▶ _WORK TO COMPLETE_
Each line of the data below that includes the string "UNIV" must be copied.

▶ _RAW DATA_
[Start of section]

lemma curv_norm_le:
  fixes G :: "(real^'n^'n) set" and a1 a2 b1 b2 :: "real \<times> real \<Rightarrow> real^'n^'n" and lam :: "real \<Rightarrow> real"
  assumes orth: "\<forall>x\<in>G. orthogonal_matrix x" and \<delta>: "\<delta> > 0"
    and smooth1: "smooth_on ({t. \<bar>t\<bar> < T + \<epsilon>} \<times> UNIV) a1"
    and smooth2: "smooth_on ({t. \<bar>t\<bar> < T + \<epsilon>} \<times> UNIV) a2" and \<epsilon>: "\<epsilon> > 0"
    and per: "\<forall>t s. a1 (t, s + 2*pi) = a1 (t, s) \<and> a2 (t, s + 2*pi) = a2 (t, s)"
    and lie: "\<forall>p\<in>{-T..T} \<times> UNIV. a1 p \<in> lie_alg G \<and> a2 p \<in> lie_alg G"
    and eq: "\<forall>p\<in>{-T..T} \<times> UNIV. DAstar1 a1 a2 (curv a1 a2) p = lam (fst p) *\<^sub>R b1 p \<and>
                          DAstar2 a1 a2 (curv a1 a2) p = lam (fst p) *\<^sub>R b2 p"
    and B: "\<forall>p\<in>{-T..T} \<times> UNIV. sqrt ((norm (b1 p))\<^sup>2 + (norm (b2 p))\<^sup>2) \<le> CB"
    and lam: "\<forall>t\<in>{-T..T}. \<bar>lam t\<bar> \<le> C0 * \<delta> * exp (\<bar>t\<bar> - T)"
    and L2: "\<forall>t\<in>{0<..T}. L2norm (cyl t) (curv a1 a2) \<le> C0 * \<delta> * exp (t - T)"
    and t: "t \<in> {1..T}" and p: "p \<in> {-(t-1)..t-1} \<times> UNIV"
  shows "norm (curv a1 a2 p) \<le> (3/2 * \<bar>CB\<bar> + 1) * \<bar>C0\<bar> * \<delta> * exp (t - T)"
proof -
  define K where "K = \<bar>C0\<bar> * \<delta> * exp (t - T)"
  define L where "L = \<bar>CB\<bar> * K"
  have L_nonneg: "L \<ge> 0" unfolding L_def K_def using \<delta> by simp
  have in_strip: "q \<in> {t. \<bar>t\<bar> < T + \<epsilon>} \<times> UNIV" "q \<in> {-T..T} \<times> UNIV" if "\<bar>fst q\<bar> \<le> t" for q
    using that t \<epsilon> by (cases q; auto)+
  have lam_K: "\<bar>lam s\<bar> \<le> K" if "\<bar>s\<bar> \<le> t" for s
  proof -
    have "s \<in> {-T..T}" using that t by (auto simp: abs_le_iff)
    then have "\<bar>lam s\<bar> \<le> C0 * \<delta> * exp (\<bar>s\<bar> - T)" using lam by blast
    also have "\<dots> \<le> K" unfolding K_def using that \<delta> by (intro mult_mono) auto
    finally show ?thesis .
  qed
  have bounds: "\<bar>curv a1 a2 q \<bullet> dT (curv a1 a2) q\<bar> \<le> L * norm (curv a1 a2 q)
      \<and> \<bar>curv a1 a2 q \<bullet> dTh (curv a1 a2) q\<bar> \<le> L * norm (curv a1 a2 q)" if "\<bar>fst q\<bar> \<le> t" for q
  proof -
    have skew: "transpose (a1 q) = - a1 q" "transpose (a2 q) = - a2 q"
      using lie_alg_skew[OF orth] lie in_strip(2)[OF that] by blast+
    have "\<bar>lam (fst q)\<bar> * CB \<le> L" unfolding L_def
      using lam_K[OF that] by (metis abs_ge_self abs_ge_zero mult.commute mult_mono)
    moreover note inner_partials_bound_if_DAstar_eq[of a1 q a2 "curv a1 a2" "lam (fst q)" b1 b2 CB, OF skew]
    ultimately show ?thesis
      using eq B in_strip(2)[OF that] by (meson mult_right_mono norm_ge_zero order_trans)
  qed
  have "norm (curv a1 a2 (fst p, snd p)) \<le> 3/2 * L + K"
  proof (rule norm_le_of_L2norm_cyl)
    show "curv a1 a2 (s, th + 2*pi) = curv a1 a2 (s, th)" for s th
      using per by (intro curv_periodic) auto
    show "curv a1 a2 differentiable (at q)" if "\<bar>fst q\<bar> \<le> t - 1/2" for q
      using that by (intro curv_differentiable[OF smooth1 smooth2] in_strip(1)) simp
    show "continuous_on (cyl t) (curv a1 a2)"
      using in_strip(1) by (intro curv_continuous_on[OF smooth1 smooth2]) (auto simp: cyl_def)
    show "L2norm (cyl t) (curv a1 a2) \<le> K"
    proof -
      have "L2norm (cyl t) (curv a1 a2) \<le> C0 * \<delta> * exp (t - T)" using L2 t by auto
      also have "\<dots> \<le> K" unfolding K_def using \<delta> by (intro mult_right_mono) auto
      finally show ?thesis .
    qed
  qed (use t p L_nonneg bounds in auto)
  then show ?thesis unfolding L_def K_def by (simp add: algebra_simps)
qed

[End of section]

▶ _SOLUTION_
    and smooth1: "smooth_on ({t. \<bar>t\<bar> < T + \<epsilon>} \<times> UNIV) a1"
    and smooth2: "smooth_on ({t. \<bar>t\<bar> < T + \<epsilon>} \<times> UNIV) a2" and \<epsilon>: "\<epsilon> > 0"
    and lie: "\<forall>p\<in>{-T..T} \<times> UNIV. a1 p \<in> lie_alg G \<and> a2 p \<in> lie_alg G"
    and eq: "\<forall>p\<in>{-T..T} \<times> UNIV. DAstar1 a1 a2 (curv a1 a2) p = lam (fst p) *\<^sub>R b1 p \<and>
    and B: "\<forall>p\<in>{-T..T} \<times> UNIV. sqrt ((norm (b1 p))\<^sup>2 + (norm (b2 p))\<^sup>2) \<le> CB"
    and t: "t \<in> {1..T}" and p: "p \<in> {-(t-1)..t-1} \<times> UNIV"
  have in_strip: "q \<in> {t. \<bar>t\<bar> < T + \<epsilon>} \<times> UNIV" "q \<in> {-T..T} \<times> UNIV" if "\<bar>fst q\<bar> \<le> t" for q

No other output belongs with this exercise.